■ **Data section**:
__________________________________________________

lemma good_arc_set_of_triangle_packing:
  assumes P: "triangle_packing A P"
  obtains X where "good_arc_set A \<sigma> X" "card X = card P"
proof -
  let ?enc = "\<lambda>T e f w. e \<in> B \<and> f \<in> B \<and> w \<in> {fst f, snd f} \<and>
      strictly_between \<sigma> w (snd e) (fst e) \<and> T = tri_arcs (snd e) w (fst e)"
  have "\<forall>T\<in>P. \<exists>e f w. ?enc T e f w"
  proof
    fix T assume "T \<in> P"
    then have "T \<in> triangles A" using P unfolding triangle_packing_def by blast
    then show "\<exists>e f w. ?enc T e f w" by (rule triangle_encoding) blast
  qed
  then obtain E F W where "\<forall>T\<in>P. ?enc T (E T) (F T) (W T)" by metis
  then have E_B: "E T \<in> B" and F_B: "F T \<in> B" and W_F: "W T \<in> {fst (F T), snd (F T)}"
    and W_between: "strictly_between \<sigma> (W T) (snd (E T)) (fst (E T))"
    and T_eq: "T = tri_arcs (snd (E T)) (W T) (fst (E T))" if "T \<in> P" for T
    using that by blast+
  have disjoint: "T \<inter> T' = {}" if "T \<in> P" "T' \<in> P" "T \<noteq> T'" for T T'
    using P that unfolding triangle_packing_def by blast
  have E_mem: "E T \<in> T" if "T \<in> P" for T
  proof -
    have "E T \<in> tri_arcs (snd (E T)) (W T) (fst (E T))" by (simp add: tri_arcs_def)
    with T_eq[OF that] show ?thesis by metis
  qed
  have E_inj: "inj_on E P"
  proof (rule inj_onI, rule ccontr)
    fix T T' assume "T \<in> P" "T' \<in> P" "E T = E T'" "T \<noteq> T'"
    then have "E T \<in> T \<inter> T'" using E_mem[of T] E_mem[of T'] by simp
    then show False using disjoint[OF \<open>T \<in> P\<close> \<open>T' \<in> P\<close> \<open>T \<noteq> T'\<close>] by simp
  qed
  then have EF_inj: "inj_on (\<lambda>T. (E T, F T)) P" unfolding inj_on_def by simp
  define X where "X = (\<lambda>T. (E T, F T)) ` P"
  have "(E T, F T) \<in> G'_arcs A \<sigma>" if "T \<in> P" for T
    unfolding G'_arcs_iff using E_B[OF that] F_B[OF that] W_F[OF that] W_between[OF that] by blast
  then have "X \<subseteq> G'_arcs A \<sigma>" unfolding X_def by blast
  moreover have "f = g" if arcs: "(e, f) \<in> X" "(e, g) \<in> X" for e f g
  proof -
    obtain T T' where "T \<in> P" "T' \<in> P" "e = E T" "f = F T" "e = E T'" "g = F T'"
      using arcs unfolding X_def by blast
    then show ?thesis using inj_onD[OF E_inj] by metis
  qed
  moreover have "(f, e) \<notin> X" if "(e, f) \<in> X" for e f
  proof
    assume "(f, e) \<in> X"
    then obtain T T' where T: "T \<in> P" "E T = e" "F T = f" and T': "T' \<in> P" "E T' = f" "F T' = e"
      using \<open>(e, f) \<in> X\<close> unfolding X_def by auto
    have "T \<inter> T' \<noteq> {}"
      using triangles_of_digon_intersect[OF W_F[OF T(1)] W_between[OF T(1)]]
        W_F[OF T'(1)] W_between[OF T'(1)] T_eq[OF T(1)] T_eq[OF T'(1)] T T' by metis
    moreover have "e \<noteq> f"
      using \<open>(e, f) \<in> X\<close> \<open>X \<subseteq> G'_arcs A \<sigma>\<close> unfolding G'_arcs_def by auto
    then have "T \<noteq> T'" using T T' by blast
    ultimately show False using disjoint T(1) T'(1) by blast
  qed
  ultimately have "good_arc_set A \<sigma> X" unfolding good_arc_set_def by blast
  moreover have "card X = card P" unfolding X_def using card_image[OF EF_inj] .
  ultimately show ?thesis using that by blast
qed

__________________________________________________

■ **What is being asked**:
Copy each line in the entries above where "blast" turns up.

■ **Your response**:
    then have "T \<in> triangles A" using P unfolding triangle_packing_def by blast
    then show "\<exists>e f w. ?enc T e f w" by (rule triangle_encoding) blast
    using that by blast+
    using P that unfolding triangle_packing_def by blast
    unfolding G'_arcs_iff using E_B[OF that] F_B[OF that] W_F[OF that] W_between[OF that] by blast
  then have "X \<subseteq> G'_arcs A \<sigma>" unfolding X_def by blast
      using arcs unfolding X_def by blast
    then have "T \<noteq> T'" using T T' by blast
    ultimately show False using disjoint T(1) T'(1) by blast
  ultimately have "good_arc_set A \<sigma> X" unfolding good_arc_set_def by blast
  ultimately show ?thesis using that by blast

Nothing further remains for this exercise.